Indeed, the researchers found that the training-induced changes in this neural network predicted how well participants would do on a different test, called the Test of Variables of Attention (TOVA), which measures sustained attention.
"The amount that midline frontal theta went up was related to something that was untrained, this other measure, the TOVA," Anguera said. "It implies there's something that changed that was common to the training and to the task we tested afterwards."
Gazzaley said these findings point toward a common neural basis of cognitive control that is enhanced by the challenging and high-interference conditions of the video game, and this might explain how racing a car in 3-D could improve something as seemingly unrelated as memory.
If the finding holds, it could have wide application. Other brain disorders like ADHD, depression and dementia are also associated with deficits in cognitive control.
"Follow up studies using functional Magnetic Resonance Imaging and transcranial electrical stimulation are still needed to better understand exactly how this network is involved in the performance changes," Gazzaley said.

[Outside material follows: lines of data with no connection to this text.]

lemma bounded_image_compact_if_locally_bounded:
  fixes g :: "real \<Rightarrow> real"
  assumes "compact K" and local: "\<And>x. x \<in> K \<Longrightarrow> \<exists>d>0. \<exists>B. \<forall>y. \<bar>y - x\<bar> < d \<longrightarrow> \<bar>g y\<bar> \<le> B"
  shows "bounded (g ` K)"
proof -
  obtain d B where d: "\<And>x. x \<in> K \<Longrightarrow> d x > 0 \<and> (\<forall>y. \<bar>y - x\<bar> < d x \<longrightarrow> \<bar>g y\<bar> \<le> B x)"
    using local by metis
  obtain L where "L \<subseteq> K" "finite L" and cover: "K \<subseteq> (\<Union>x\<in>L. ball x (d x))"
    using compactE_image[OF \<open>compact K\<close>, of K "\<lambda>x. ball x (d x)"] d by force
  have "bounded (g ` ball x (d x))" if "x \<in> L" for x
  proof -
    have "\<bar>g y\<bar> \<le> B x" if "y \<in> ball x (d x)" for y
      using d[of x] \<open>x \<in> L\<close> \<open>L \<subseteq> K\<close> that by (auto simp: dist_real_def abs_minus_commute)
    then show ?thesis
      unfolding bounded_real by blast
  qed
  then have "bounded (\<Union>x\<in>L. g ` ball x (d x))"
    using \<open>finite L\<close> by blast
  moreover have "g ` K \<subseteq> (\<Union>x\<in>L. g ` ball x (d x))"
    using cover by blast
  ultimately show ?thesis
    by (rule bounded_subset)
qed

lemma bounded_on_Ioo_if_locally_bounded:
  fixes g :: "real \<Rightarrow> real"
  assumes local: "\<And>x. x \<in> {a<..<b} \<Longrightarrow> \<exists>d>0. \<exists>B. \<forall>y. \<bar>y - x\<bar> < d \<longrightarrow> \<bar>g y\<bar> \<le> B"
    and left: "Limsup (at_right a) (\<lambda>y. ereal \<bar>g y\<bar>) < \<infinity>"
    and right: "Limsup (at_left b) (\<lambda>y. ereal \<bar>g y\<bar>) < \<infinity>"
  shows "bounded (g ` {a<..<b})"
proof -
  have finite_bound: "\<exists>C. eventually (\<lambda>y. \<bar>g y\<bar> < C) F"
    if "Limsup F (\<lambda>y. ereal \<bar>g y\<bar>) < \<infinity>" for F
  proof -
    let ?L = "Limsup F (\<lambda>y. ereal \<bar>g y\<bar>)"
    have "?L < ereal (real_of_ereal ?L + 1)"
      using that by (cases ?L) auto
    then show ?thesis
      using Limsup_lessD by fastforce
  qed
  obtain C1 p where "p > a" and p: "\<And>y. a < y \<Longrightarrow> y < p \<Longrightarrow> \<bar>g y\<bar> < C1"
    using finite_bound[OF left] unfolding eventually_at_right_field by blast
  obtain C2 q where "q < b" and q: "\<And>y. q < y \<Longrightarrow> y < b \<Longrightarrow> \<bar>g y\<bar> < C2"
    using finite_bound[OF right] unfolding eventually_at_left_field by blast
  have "bounded (g ` {a<..<p})" "bounded (g ` {q<..<b})"
    unfolding bounded_real using p q by (auto intro!: exI less_imp_le)
  moreover have "bounded (g ` {p..q})"
    using local \<open>p > a\<close> \<open>q < b\<close> by (intro bounded_image_compact_if_locally_bounded) auto
  moreover have "{a<..<b} \<subseteq> {a<..<p} \<union> {p..q} \<union> {q<..<b}"
    by auto
  ultimately show ?thesis
    by (metis bounded_Un bounded_subset image_Un image_mono)
qed

section \<open>Propagation of non-vanishing\<close>

lemma Gronwall_nonzero:
  fixes F F' :: "real \<Rightarrow> real"
  assumes "a \<le> z" "continuous_on {a..z} F" "F a \<noteq> 0"
    and F': "\<And>t. a < t \<Longrightarrow> t < z \<Longrightarrow> (F has_real_derivative F' t) (at t)"
    and bound: "\<And>t. a < t \<Longrightarrow> t < z \<Longrightarrow> \<bar>F' t\<bar> \<le> L * \<bar>F t\<bar>"
  shows "F z \<noteq> 0"
proof -
  define G where "G t = (F t)\<^sup>2 * exp (2 * L * t)" for t
  have "G a \<le> G z"
  proof (rule DERIV_nonneg_imp_increasing_open[OF \<open>a \<le> z\<close>])
    fix t assume t: "a < t" "t < z"
    have "- (F t * F' t) \<le> \<bar>F t\<bar> * \<bar>F' t\<bar>"
      by (metis abs_ge_minus_self abs_mult)
    also have "\<dots> \<le> \<bar>F t\<bar> * (L * \<bar>F t\<bar>)"
      using bound[OF t] by (rule mult_left_mono) simp
    also have "\<dots> = L * (F t)\<^sup>2"
      by (simp add: power2_eq_square abs_mult_self_eq mult_ac)
    finally have "- (F t * F' t) \<le> L * (F t)\<^sup>2" .
    moreover have "(G has_real_derivative 2 * exp (2 * L * t) * (F t * F' t + L * (F t)\<^sup>2)) (at t)"
      unfolding G_def[abs_def] using F'[OF t]
      by (auto intro!: derivative_eq_intros simp: algebra_simps power2_eq_square)
    ultimately show "\<exists>y. (G has_real_derivative y) (at t) \<and> 0 \<le> y"
      by (intro exI conjI) auto
  next
    show "continuous_on {a..z} G"
      unfolding G_def[abs_def] using assms(2) by (intro continuous_intros)
  qed
  moreover have "0 < G a"
    using \<open>F a \<noteq> 0\<close> by (simp add: G_def)
  ultimately show ?thesis
    by (auto simp: G_def)
qed

lemma lower_bound_from_derivative_bound:
  fixes Q Q' :: "real \<Rightarrow> real"
  assumes "a \<le> t" and Q': "\<And>\<tau>. \<tau> \<in> {a..t} \<Longrightarrow> (Q has_real_derivative Q' \<tau>) (at \<tau>)"
    and bound: "\<And>\<tau>. \<tau> \<in> {a..t} \<Longrightarrow> \<bar>Q' \<tau>\<bar> \<le> D"
  shows "Q a - D * (t - a) \<le> Q t"
proof -
  have "Q a + D * a \<le> Q t + D * t"
  proof (rule DERIV_nonneg_imp_increasing_open[where f = "\<lambda>\<tau>. Q \<tau> + D * \<tau>", OF \<open>a \<le> t\<close>])
    fix \<tau> assume "a < \<tau>" "\<tau> < t"
    then show "\<exists>y. ((\<lambda>\<tau>. Q \<tau> + D * \<tau>) has_real_derivative y) (at \<tau>) \<and> 0 \<le> y"
      using Q'[of \<tau>] bound[of \<tau>] by (intro exI[of _ "Q' \<tau> + D"]) (auto intro!: derivative_eq_intros)
  next
    show "continuous_on {a..t} (\<lambda>\<tau>. Q \<tau> + D * \<tau>)"
      by (intro continuous_at_imp_continuous_on ballI continuous_intros DERIV_isCont[OF Q'])
  qed
  then show ?thesis
    by (simp add: algebra_simps)
qed

lemma continuous_on_first_zero:
  fixes F :: "real \<Rightarrow> real"
  assumes "continuous_on {a..s} F" "t \<in> {a..s}" "F t = 0"
  obtains z where "z \<in> {a..s}" "F z = 0" "\<And>\<tau>. a \<le> \<tau> \<Longrightarrow> \<tau> < z \<Longrightarrow> F \<tau> \<noteq> 0"
proof -
  define Z where "Z = {\<tau> \<in> {a..s}. F \<tau> = 0}"
  have "compact ({a..s} \<inter> Z)"
    unfolding Z_def using continuous_closed_preimage_constant[OF assms(1)] by auto
  moreover have "{a..s} \<inter> Z = Z" "Z \<noteq> {}"
    using assms(2,3) by (auto simp: Z_def)
  ultimately obtain z where "z \<in> Z" "\<And>\<tau>. \<tau> \<in> Z \<Longrightarrow> z \<le> \<tau>"
    using compact_attains_inf by metis
  then show ?thesis
    using that by (force simp: Z_def)
qed

lemma nonzero_propagates_right:
  fixes F F' Q Q' :: "real \<Rightarrow> real"
  assumes "a \<le> s" and F_cont: "continuous_on {a..s} F" and "F a \<noteq> 0" "Q a > 0"
    and F': "\<And>t. t \<in> {a..s} \<Longrightarrow> F t \<noteq> 0 \<Longrightarrow> (F has_real_derivative F' t) (at t)"
    and Q': "\<And>t. t \<in> {a..s} \<Longrightarrow> F t \<noteq> 0 \<Longrightarrow> (Q has_real_derivative Q' t) (at t)"
    and Q'_bound: "\<And>t. t \<in> {a..s} \<Longrightarrow> F t \<noteq> 0 \<Longrightarrow> \<bar>Q' t\<bar> \<le> D"
    and F'_bound: "\<And>t. t \<in> {a..s} \<Longrightarrow> F t \<noteq> 0 \<Longrightarrow> \<bar>F' t\<bar> * Q t \<le> E * \<bar>F t\<bar>"
    and small: "D * (s - a) \<le> Q a / 2"
  shows "F s \<noteq> 0 \<and> Q a / 2 \<le> Q s"
proof -
  have "0 \<le> D"
    using Q'_bound[of a] \<open>a \<le> s\<close> \<open>F a \<noteq> 0\<close> by auto
  have Q_half: "Q a / 2 \<le> Q t" if t: "t \<in> {a..s}" and nz: "\<And>\<tau>. \<tau> \<in> {a..t} \<Longrightarrow> F \<tau> \<noteq> 0" for t
  proof -
    have "Q a - D * (t - a) \<le> Q t"
      using t nz by (intro lower_bound_from_derivative_bound[where Q' = Q'] Q' Q'_bound) auto
    moreover have "D * (t - a) \<le> D * (s - a)"
      using t \<open>0 \<le> D\<close> by (intro mult_left_mono) auto
    ultimately show ?thesis
      using small by linarith
  qed
  have nonzero: "F t \<noteq> 0" if t: "t \<in> {a..s}" for t
  proof
    assume "F t = 0"
    then obtain z where z: "z \<in> {a..s}" "F z = 0"
      and before_z: "\<And>\<tau>. a \<le> \<tau> \<Longrightarrow> \<tau> < z \<Longrightarrow> F \<tau> \<noteq> 0"
      using continuous_on_first_zero[OF F_cont t] by blast
    have "F z \<noteq> 0"
    proof (rule Gronwall_nonzero[where F = F and F' = F' and L = "2 * E / Q a"])
      show "a \<le> z" "continuous_on {a..z} F"
        using z F_cont by (auto elim: continuous_on_subset)
      fix \<tau> assume \<tau>: "a < \<tau>" "\<tau> < z"
      then have "\<tau> \<in> {a..s}" "F \<tau> \<noteq> 0"
        using z before_z by auto
      then show "(F has_real_derivative F' \<tau>) (at \<tau>)"
        by (rule F')
      have "Q a / 2 \<le> Q \<tau>"
        using \<tau> z before_z by (intro Q_half) auto
      then have "\<bar>F' \<tau>\<bar> * (Q a / 2) \<le> \<bar>F' \<tau>\<bar> * Q \<tau>"
        by (rule mult_left_mono) simp
      also have "\<dots> \<le> E * \<bar>F \<tau>\<bar>"
        by (rule F'_bound) fact+
      finally show "\<bar>F' \<tau>\<bar> \<le> 2 * E / Q a * \<bar>F \<tau>\<bar>"
        using \<open>Q a > 0\<close> by (simp add: field_simps)
    qed fact
    with z show False
      by simp
  qed
  show ?thesis
    using nonzero Q_half[of s] \<open>a \<le> s\<close> by auto
qed

lemma nonzero_propagates_left:
  fixes F F' Q Q' :: "real \<Rightarrow> real"
  assumes "s \<le> a" and F_cont: "continuous_on {s..a} F" and "F a \<noteq> 0" "Q a > 0"
    and F': "\<And>t. t \<in> {s..a} \<Longrightarrow> F t \<noteq> 0 \<Longrightarrow> (F has_real_derivative F' t) (at t)"
    and Q': "\<And>t. t \<in> {s..a} \<Longrightarrow> F t \<noteq> 0 \<Longrightarrow> (Q has_real_derivative Q' t) (at t)"
    and Q'_bound: "\<And>t. t \<in> {s..a} \<Longrightarrow> F t \<noteq> 0 \<Longrightarrow> \<bar>Q' t\<bar> \<le> D"
    and F'_bound: "\<And>t. t \<in> {s..a} \<Longrightarrow> F t \<noteq> 0 \<Longrightarrow> \<bar>F' t\<bar> * Q t \<le> E * \<bar>F t\<bar>"
    and small: "D * (a - s) \<le> Q a / 2"
  shows "F s \<noteq> 0 \<and> Q a / 2 \<le> Q s"
proof -
  have "F (- (- s)) \<noteq> 0 \<and> Q (- (- a)) / 2 \<le> Q (- (- s))"
  proof (rule nonzero_propagates_right[where F = "\<lambda>t. F (- t)" and Q = "\<lambda>t. Q (- t)"
        and F' = "\<lambda>t. - F' (- t)" and Q' = "\<lambda>t. - Q' (- t)" and a = "- a" and s = "- s"])
    show "continuous_on {- a..- s} (\<lambda>t. F (- t))"
      by (rule continuous_on_compose2[OF F_cont]) (auto intro!: continuous_intros)
    fix t assume "t \<in> {-a..-s}" "F (- t) \<noteq> 0"
    then have t: "- t \<in> {s..a}" "F (- t) \<noteq> 0"
      by auto
    show "((\<lambda>t. F (- t)) has_real_derivative - F' (- t)) (at t)"
      using F'[OF t] DERIV_mirror[of F "F' (- t)" t] by simp
    show "((\<lambda>t. Q (- t)) has_real_derivative - Q' (- t)) (at t)"
      using Q'[OF t] DERIV_mirror[of Q "Q' (- t)" t] by simp
    show "\<bar>- Q' (- t)\<bar> \<le> D" "\<bar>- F' (- t)\<bar> * Q (- t) \<le> E * \<bar>F (- t)\<bar>"
      using Q'_bound[OF t] F'_bound[OF t] by simp_all
  qed (use assms in auto)
  then show ?thesis by simp
qed

section \<open>The elasticity and its Riccati equation\<close>

definition elasticity :: "(real \<Rightarrow> real) \<Rightarrow> real \<Rightarrow> real" where
  "elasticity f x = x * deriv f x / f x"

definition elasticity_weight :: "(real \<Rightarrow> real) \<Rightarrow> real \<Rightarrow> real" where
  "elasticity_weight f x = 1 / sqrt (1 + (elasticity f x)\<^sup>2)"

lemma kappa_eq_elasticity: "x \<noteq> 0 \<Longrightarrow> f x \<noteq> 0 \<Longrightarrow> kappa f x = ereal \<bar>elasticity f x\<bar>"
  by (simp add: kappa_def elasticity_def abs_mult)

lemma mu_eq_elasticity: "x \<noteq> 0 \<Longrightarrow> f x \<noteq> 0 \<Longrightarrow> mu f x = ereal (1 + \<bar>elasticity f x\<bar>)"
  by (simp add: mu_def kappa_eq_elasticity)

lemma elasticity_weight_pos: "0 < elasticity_weight f x"
  by (simp add: elasticity_weight_def add_pos_nonneg)

lemma elasticity_weight_bounds:
  shows "\<bar>elasticity f x\<bar> * elasticity_weight f x \<le> 1"
    and "1 \<le> (1 + \<bar>elasticity f x\<bar>) * elasticity_weight f x"
    and "(1 + \<bar>elasticity f x\<bar>) * elasticity_weight f x \<le> 2"
proof -
  define u where "u = elasticity f x"
  define s where "s = sqrt (1 + u\<^sup>2)"
  have "s > 0" "1 \<le> s"
    by (simp_all add: s_def add_pos_nonneg)
  have "\<bar>u\<bar> \<le> s"
    unfolding s_def by (metis real_sqrt_abs real_sqrt_le_mono le_add_same_cancel2 zero_le_one)
  moreover have "s \<le> 1 + \<bar>u\<bar>"
    unfolding s_def by (rule real_le_lsqrt) (auto simp: power2_eq_square algebra_simps)
  ultimately have "\<bar>u\<bar> / s \<le> 1" "1 \<le> (1 + \<bar>u\<bar>) / s" "(1 + \<bar>u\<bar>) / s \<le> 2"
    using \<open>s > 0\<close> \<open>1 \<le> s\<close> by (simp_all add: field_simps)
  moreover have "elasticity_weight f x = 1 / s"
    by (simp add: elasticity_weight_def u_def s_def)
  ultimately show "\<bar>elasticity f x\<bar> * elasticity_weight f x \<le> 1"
    and "1 \<le> (1 + \<bar>elasticity f x\<bar>) * elasticity_weight f x"
    and "(1 + \<bar>elasticity f x\<bar>) * elasticity_weight f x \<le> 2"
    by (simp_all add: u_def)
qed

Other authors of the article, "Video game training enhances cognitive control in older adults," include Jacqueline Boccanfuso, Jean Rintoul, Omar Al-Hashimi, Farshid Faraji, Jacki Janowich, Erwin Kong, Yudy Larraburo, Cammie Rolle and Eric Johnston.
Gazzaley is co-founder and chief science advisor of Akili Interactive Labs, which is developing cognitive video game software as diagnostic and therapeutic tools, and has a patent pending on a game-based cognitive intervention he developed from the research presented in the paper.
The study was funded under Health Games Research, a program of the Robert Wood Johnson Foundation and by the National Institute on Aging. Anguera is also supported by a UCSF Institutional Research and Career Development Award.